Fed up with Fannie and Freddie

http://www.jewishworldreview.com -- FANNIE MAE AND FREDDIE MAC. You've heard their names somewhere before, maybe from their warm and fuzzy TV commercials or ubiquitous newspaper ads. They are a pair of financial giants, and they claim to be American homebuyers' best friends: "Our business is the American Dream," Fannie Mae crows. "We open doors for millions all across America," Freddie Mac boasts.

Behind this well-funded public service campaign are two quasi-governmental corporations feeding stealthily at the public trough. According to the non-partisan Congressional Budget Office, Fannie Mae and Freddie Mac had received an estimated total of $6.5 billion in hidden taxpayer subsidies by 1995. The two agencies hog up to one-third of those subsidies for themselves. There's a bill in Congress that would begin weaning the two agencies off the federal dole. It couldn't happen soon enough.

Congress created Fannie Mae (nickname for the Federal National Mortgage Association) in 1938 to bolster home ownership during the Depression. Three decades later, it was partially privatized – but retained a host of government benefits. In 1970, Congress spawned Freddie Mac (nickname for the Federal Home Mortgage Corp.) to provide a lending competitor to Fannie Mae. Both entities expand the pool of money for home purchasers by snapping up loans that lenders make to homebuyers, and then converting those loans into relatively safe mortgage-backed securities that are attractive to investors.

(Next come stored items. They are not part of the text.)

lemma const_functor_is_functor:
  assumes A: "category A" and T: "category T" and z: "z \<in> Obj A"
  shows "is_functor T A (const_functor T A z)"
proof (rule functorI)
  fix f g x y w assume "f \<in> hom T x y" "g \<in> hom T y w"
  then show "snd (const_functor T A z) (Cmp T g f) =
      Cmp A (snd (const_functor T A z) g) (snd (const_functor T A z) f)"
    using homD[OF cat_comp[OF T \<open>f \<in> hom T x y\<close> \<open>g \<in> hom T y w\<close>]]
      homD[OF \<open>f \<in> hom T x y\<close>] homD[OF \<open>g \<in> hom T y w\<close>] cat_idl[OF A cat_id[OF A z]]
    by (simp add: const_functor_def)
next
  fix f x y assume f: "f \<in> hom T x y"
  then show "snd (const_functor T A z) f \<in>
      hom A (fst (const_functor T A z) x) (fst (const_functor T A z) y)"
    using homD[OF f] cat_obj_dom[OF T f] cat_obj_cod[OF T f] cat_id[OF A z]
    by (simp add: const_functor_def)
next
  fix x assume "x \<in> Obj T"
  then show "snd (const_functor T A z) (Idm T x) = Idm A (fst (const_functor T A z) x)"
    using homD[OF cat_id[OF T]] by (simp add: const_functor_def)
qed (use z in \<open>simp_all add: const_functor_def\<close>)

lemma funcat_zero_obj:
  assumes A: "category A" and T: "category T" and z: "is_zero_obj A z"
  shows "is_zero_obj (funcat A T) (const_functor T A z)"
proof -
  let ?Z = "const_functor T A z"
  have Z: "is_functor T A ?Z" using const_functor_is_functor[OF A T zero_obj_in_Obj[OF z]] .
  have "fst ?Z x = z" if "x \<in> Obj T" for x using that by (simp add: const_functor_def)
  then have "\<exists>!a. a \<in> hom (funcat A T) ?Z G" "\<exists>!a. a \<in> hom (funcat A T) G ?Z"
    if "is_functor T A G" for G
    using funcat_hom_ex1[OF A T Z that] funcat_hom_ex1[OF A T that Z]
      zero_obj_arr_from[OF z] zero_obj_arr_to[OF z] functor_obj[OF that] by simp_all
  with Z show ?thesis unfolding is_zero_obj_def is_initial_def is_terminal_def by simp
qed

lemma funcat_zero_arr_iff:
  assumes A: "category A" and T: "category T" and "pointed A" and \<eta>: "nat_trans T A F G \<eta>"
  shows "is_zero_arr (funcat A T) (F, G, \<eta>) \<longleftrightarrow> (\<forall>x \<in> Obj T. is_zero_arr A (\<eta> x))"
proof -
  obtain z where z: "is_zero_obj A z" using \<open>pointed A\<close> unfolding pointed_def by blast
  let ?Z = "const_functor T A z"
  have FC: "category (funcat A T)" using funcat_category[OF A T] .
  have Zz: "is_zero_obj (funcat A T) ?Z" using funcat_zero_obj[OF A T z] .
  have F: "is_functor T A F" and G: "is_functor T A G" using nat_trans_functors[OF \<eta>] by auto
  have "F \<in> Obj (funcat A T)" "G \<in> Obj (funcat A T)" using F G by simp_all
  then obtain a b where "a \<in> hom (funcat A T) F ?Z" "b \<in> hom (funcat A T) ?Z G"
    using zero_obj_arr_to[OF Zz] zero_obj_arr_from[OF Zz] by (meson ex1_implies_ex)
  then obtain \<alpha> \<beta> where \<alpha>: "nat_trans T A F ?Z \<alpha>" and \<beta>: "nat_trans T A ?Z G \<beta>"
    by (metis funcat_homE)
  define \<zeta> where "\<zeta> = (\<lambda>x \<in> Obj T. Cmp A (\<beta> x) (\<alpha> x))"
  have \<zeta>: "nat_trans T A F G \<zeta>" using nat_trans_vcomp[OF A T \<alpha> \<beta>] unfolding \<zeta>_def .
  have "is_zero_arr (funcat A T) (Cmp (funcat A T) (?Z, G, \<beta>) (F, ?Z, \<alpha>))"
    using zero_arr_through_zero_obj[OF FC Zz funcat_homI[OF \<alpha>] funcat_homI[OF \<beta>]] .
  then have \<zeta>_zero: "is_zero_arr (funcat A T) (F, G, \<zeta>)" by (simp add: \<zeta>_def)
  have \<zeta>x_zero: "is_zero_arr A (\<zeta> x)" if x: "x \<in> Obj T" for x
    using zero_arr_through_zero_obj[OF A z] nat_trans_hom[OF \<alpha> x] nat_trans_hom[OF \<beta> x] x
    by (simp add: \<zeta>_def const_functor_def)
  show ?thesis
  proof
    assume "is_zero_arr (funcat A T) (F, G, \<eta>)"
    then have "\<eta> = \<zeta>"
      using zero_arr_unique[OF FC _ funcat_homI[OF \<eta>] \<zeta>_zero funcat_homI[OF \<zeta>]] by simp
    with \<zeta>x_zero show "\<forall>x \<in> Obj T. is_zero_arr A (\<eta> x)" by blast
  next
    assume "\<forall>x \<in> Obj T. is_zero_arr A (\<eta> x)"
    then have "\<eta> = \<zeta>"
      using nat_trans_eqI[OF \<eta> \<zeta>] zero_arr_unique[OF A] nat_trans_hom[OF \<eta>] nat_trans_hom[OF \<zeta>]
        \<zeta>x_zero by blast
    with \<zeta>_zero show "is_zero_arr (funcat A T) (F, G, \<eta>)" by simp
  qed
qed

definition induced_functor ::
  "('to,'tm) cat \<Rightarrow> ('ao,'am) cat \<Rightarrow> ('to \<Rightarrow> 'ao) \<Rightarrow> ('tm \<Rightarrow> 'am \<Rightarrow> bool) \<Rightarrow> ('to,'tm,'ao,'am) ftor"
where
  "induced_functor T A R \<Phi> =
     ((\<lambda>x \<in> Obj T. R x), (\<lambda>f \<in> Arr T. THE h. h \<in> hom A (R (Dom T f)) (R (Cod T f)) \<and> \<Phi> f h))"

lemma induced_functor_obj: "x \<in> Obj T \<Longrightarrow> fst (induced_functor T A R \<Phi>) x = R x"
  by (simp add: induced_functor_def)

lemma induced_functor_arr:
  assumes "f \<in> hom T x y" and "\<exists>!h. h \<in> hom A (R x) (R y) \<and> \<Phi> f h"
  shows "snd (induced_functor T A R \<Phi>) f \<in> hom A (R x) (R y) \<and>
    \<Phi> f (snd (induced_functor T A R \<Phi>) f)"
  using theI'[OF assms(2)] homD[OF assms(1)] by (simp add: induced_functor_def)

lemma induced_functor_is_functor:
  assumes A: "category A" and T: "category T" and R: "\<And>x. x \<in> Obj T \<Longrightarrow> R x \<in> Obj A"
    and uniq: "\<And>f x y. f \<in> hom T x y \<Longrightarrow> \<exists>!h. h \<in> hom A (R x) (R y) \<and> \<Phi> f h"
    and id: "\<And>x. x \<in> Obj T \<Longrightarrow> \<Phi> (Idm T x) (Idm A (R x))"
    and comp: "\<And>f g h k x y z. f \<in> hom T x y \<Longrightarrow> g \<in> hom T y z \<Longrightarrow>
        h \<in> hom A (R x) (R y) \<Longrightarrow> \<Phi> f h \<Longrightarrow> k \<in> hom A (R y) (R z) \<Longrightarrow> \<Phi> g k \<Longrightarrow>
        \<Phi> (Cmp T g f) (Cmp A k h)"
  shows "is_functor T A (induced_functor T A R \<Phi>)"
proof -
  let ?G = "induced_functor T A R \<Phi>"
  have arr: "snd ?G f \<in> hom A (R x) (R y) \<and> \<Phi> f (snd ?G f)" if "f \<in> hom T x y" for f x y
    using induced_functor_arr[where R = R and \<Phi> = \<Phi>, OF that uniq[OF that]] .
  show ?thesis
  proof (rule functorI)
    fix f x y assume f: "f \<in> hom T x y"
    then show "snd ?G f \<in> hom A (fst ?G x) (fst ?G y)"
      using arr[OF f] cat_obj_dom[OF T f] cat_obj_cod[OF T f] by (simp add: induced_functor_obj)
  next
    fix x assume x: "x \<in> Obj T"
    note idx = cat_id[OF T x]
    show "snd ?G (Idm T x) = Idm A (fst ?G x)"
      using ex1_unique[OF uniq[OF idx]] arr[OF idx] cat_id[OF A R[OF x]] id[OF x] x
      by (simp add: induced_functor_obj)
  next
    fix f g x y z assume f: "f \<in> hom T x y" and g: "g \<in> hom T y z"
    note gf = cat_comp[OF T f g] and hf = arr[OF f] and hg = arr[OF g]
    show "snd ?G (Cmp T g f) = Cmp A (snd ?G g) (snd ?G f)"
      using ex1_unique[OF uniq[OF gf]] arr[OF gf] cat_comp[OF A conjunct1[OF hf] conjunct1[OF hg]]
        comp[OF f g conjunct1[OF hf] conjunct2[OF hf] conjunct1[OF hg] conjunct2[OF hg]] by blast
  qed (use R in \<open>simp_all add: induced_functor_def\<close>)
qed

section \<open>Cokernels in functor categories\<close>

locale pointwise_cokernel =
  fixes A :: "('ao,'am) cat" and T :: "('to,'tm) cat"
    and P F :: "('to,'tm,'ao,'am) ftor" and \<sigma> q :: "'to \<Rightarrow> 'am"
  assumes A: "category A" and pointed: "pointed A" and T: "category T"
    and \<sigma>: "nat_trans T A P F \<sigma>"
    and cokernel: "\<And>x. x \<in> Obj T \<Longrightarrow> is_cokernel A (\<sigma> x) (q x)"
begin

definition R :: "('to,'tm,'ao,'am) ftor" where
  "R = induced_functor T A (\<lambda>x. Cod A (q x))
         (\<lambda>f h. Cmp A h (q (Dom T f)) = Cmp A (q (Cod T f)) (snd F f))"

abbreviation unit :: "('to,'tm,'ao,'am) ftor \<times> ('to,'tm,'ao,'am) ftor \<times> ('to \<Rightarrow> 'am)" where
  "unit \<equiv> (F, R, \<lambda>x \<in> Obj T. q x)"

lemma F: "is_functor T A F" and P: "is_functor T A P"
  using nat_trans_functors[OF \<sigma>] by auto

lemma q_hom: "x \<in> Obj T \<Longrightarrow> q x \<in> hom A (fst F x) (Cod A (q x))"
  using cokernel_hom[OF cokernel] homD[OF nat_trans_hom[OF \<sigma>]] by metis

lemma R_obj: "x \<in> Obj T \<Longrightarrow> fst R x = Cod A (q x)"
  unfolding R_def by (rule induced_functor_obj)

lemma q_epi:
  "x \<in> Obj T \<Longrightarrow> h \<in> hom A (Cod A (q x)) Y \<Longrightarrow> h' \<in> hom A (Cod A (q x)) Y
   \<Longrightarrow> Cmp A h (q x) = Cmp A h' (q x) \<Longrightarrow> h = h'"
  using cokernel_epi[OF A cokernel] by blast

text \<open>q y \<circ> F f annihilates \<sigma> x, being equal to q y \<circ> \<sigma> y \<circ> P f by naturality.\<close>

lemma R_arr_ex1:
  assumes f: "f \<in> hom T x y"
  shows "\<exists>!h. h \<in> hom A (Cod A (q x)) (Cod A (q y)) \<and> Cmp A h (q x) = Cmp A (q y) (snd F f)"
proof -
  note x = cat_obj_dom[OF T f] and y = cat_obj_cod[OF T f]
  note \<sigma>x = nat_trans_hom[OF \<sigma> x] and \<sigma>y = nat_trans_hom[OF \<sigma> y]
  have g: "Cmp A (q y) (snd F f) \<in> hom A (fst F x) (Cod A (q y))"
    using cat_comp[OF A functor_hom[OF F f] q_hom[OF y]] .
  have "Cmp A (Cmp A (q y) (snd F f)) (\<sigma> x) = Cmp A (Cmp A (q y) (\<sigma> y)) (snd P f)"
    using cat_assoc[OF A \<sigma>x functor_hom[OF F f] q_hom[OF y]] nat_trans_natural[OF \<sigma> f]
      cat_assoc[OF A functor_hom[OF P f] \<sigma>y q_hom[OF y]] by simp
  moreover have "is_zero_arr A (Cmp A (Cmp A (q y) (\<sigma> y)) (snd P f))"
    using zero_arr_comp_right[OF A cokernel_zero_comp[OF cokernel[OF y]]] functor_hom[OF P f]
      homD[OF cat_comp[OF A \<sigma>y q_hom[OF y]]] by simp
  ultimately show ?thesis
    using cokernel_factor[OF cokernel[OF x]] g homD[OF \<sigma>x] by simp
qed

lemma R_arr:
  assumes f: "f \<in> hom T x y"
  shows "snd R f \<in> hom A (Cod A (q x)) (Cod A (q y)) \<and>
    Cmp A (snd R f) (q x) = Cmp A (q y) (snd F f)"
proof -
  have "\<exists>!h. h \<in> hom A (Cod A (q x)) (Cod A (q y)) \<and>
      Cmp A h (q (Dom T f)) = Cmp A (q (Cod T f)) (snd F f)"
    using R_arr_ex1[OF f] homD[OF f] by simp
  from induced_functor_arr[where R = "\<lambda>x. Cod A (q x)"
      and \<Phi> = "\<lambda>f h. Cmp A h (q (Dom T f)) = Cmp A (q (Cod T f)) (snd F f)", OF f this]
  show ?thesis
    using homD[OF f] unfolding R_def by simp
qed

lemma R_functor: "is_functor T A R"
  unfolding R_def
proof (rule induced_functor_is_functor[OF A T])
  fix x assume x: "x \<in> Obj T"
  show "Cod A (q x) \<in> Obj A" using cat_obj_cod[OF A q_hom[OF x]] .
  show "Cmp A (Idm A (Cod A (q x))) (q (Dom T (Idm T x))) =
      Cmp A (q (Cod T (Idm T x))) (snd F (Idm T x))"
    using homD[OF cat_id[OF T x]] cat_idl[OF A q_hom[OF x]] cat_idr[OF A q_hom[OF x]]
      functor_id[OF F x]
    by simp
next
  fix f x y assume f: "f \<in> hom T x y"
  then show "\<exists>!h. h \<in> hom A (Cod A (q x)) (Cod A (q y)) \<and>
      Cmp A h (q (Dom T f)) = Cmp A (q (Cod T f)) (snd F f)"
    using R_arr_ex1[OF f] homD[OF f] by simp
next
  fix f g h k x y z
  assume f: "f \<in> hom T x y" and g: "g \<in> hom T y z"
    and h: "h \<in> hom A (Cod A (q x)) (Cod A (q y))"
      "Cmp A h (q (Dom T f)) = Cmp A (q (Cod T f)) (snd F f)"
    and k: "k \<in> hom A (Cod A (q y)) (Cod A (q z))"
      "Cmp A k (q (Dom T g)) = Cmp A (q (Cod T g)) (snd F g)"
  note x = cat_obj_dom[OF T f] and y = cat_obj_cod[OF T f] and z = cat_obj_cod[OF T g]
  have "Cmp A (Cmp A k h) (q x) = Cmp A k (Cmp A (q y) (snd F f))"
    using cat_assoc[OF A q_hom[OF x] h(1) k(1)] h(2) homD[OF f] by simp
  also have "\<dots> = Cmp A (Cmp A (q z) (snd F g)) (snd F f)"
    using cat_assoc[OF A functor_hom[OF F f] q_hom[OF y] k(1)] k(2) homD[OF g] by simp
  also have "\<dots> = Cmp A (q z) (snd F (Cmp T g f))"
    using cat_assoc[OF A functor_hom[OF F f] functor_hom[OF F g] q_hom[OF z]]
      functor_comp[OF F f g] by simp
  finally show "Cmp A (Cmp A k h) (q (Dom T (Cmp T g f))) =
      Cmp A (q (Cod T (Cmp T g f))) (snd F (Cmp T g f))"
    using homD[OF cat_comp[OF T f g]] by simp
qed

lemma unit_nat_trans: "nat_trans T A F R (\<lambda>x \<in> Obj T. q x)"
proof (rule nat_transI[OF F R_functor])
  fix f x y assume f: "f \<in> hom T x y"
  then show "Cmp A ((\<lambda>x \<in> Obj T. q x) y) (snd F f) = Cmp A (snd R f) ((\<lambda>x \<in> Obj T. q x) x)"
    using R_arr[OF f] cat_obj_dom[OF T f] cat_obj_cod[OF T f] by simp
qed (use q_hom R_obj in simp_all)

Everyone, it seems, profits – homeowners, commercial and mortgage banks, savings and loans companies, and most of all, Fannie Mae and Freddie Mac. But this is not a proud capitalist success story.

As Fred Smith, president of the Washington, D.C-based Competitive Enterprise Institute, noted before Congress last week, this is a textbook example of "profit-side capitalism and loss-side socialism." When things go right for Freddie Mac and Fannie Mae, in other words, they keep the profits. But when things go wrong, government steps in – and taxpayers bear the costs. Smith reminded the House Banking Committee's Subcommittee on Capital Markets, Securities, and Government Sponsored Enterprises: "This is what happened in the S&L crisis and the costs were massive." Indeed. That dreadful bit of loss-side socialism resulted in a $500 billion bailout by the public.

Freddie Mac and Fannie Mae are flawed public-private hybrids that receive unfair advantages in the marketplace. As "government-sponsored enterprises," the two institutions are exempt from normal securities regulations, as well as from state and local income taxes (a special perk valued at $690 million in 1999). In addition, the standard for how much money the government requires them to keep on hand in case homebuyers default on their mortgages is lower for Freddie Mac and Fannie Mae than for fully private banks and thrifts.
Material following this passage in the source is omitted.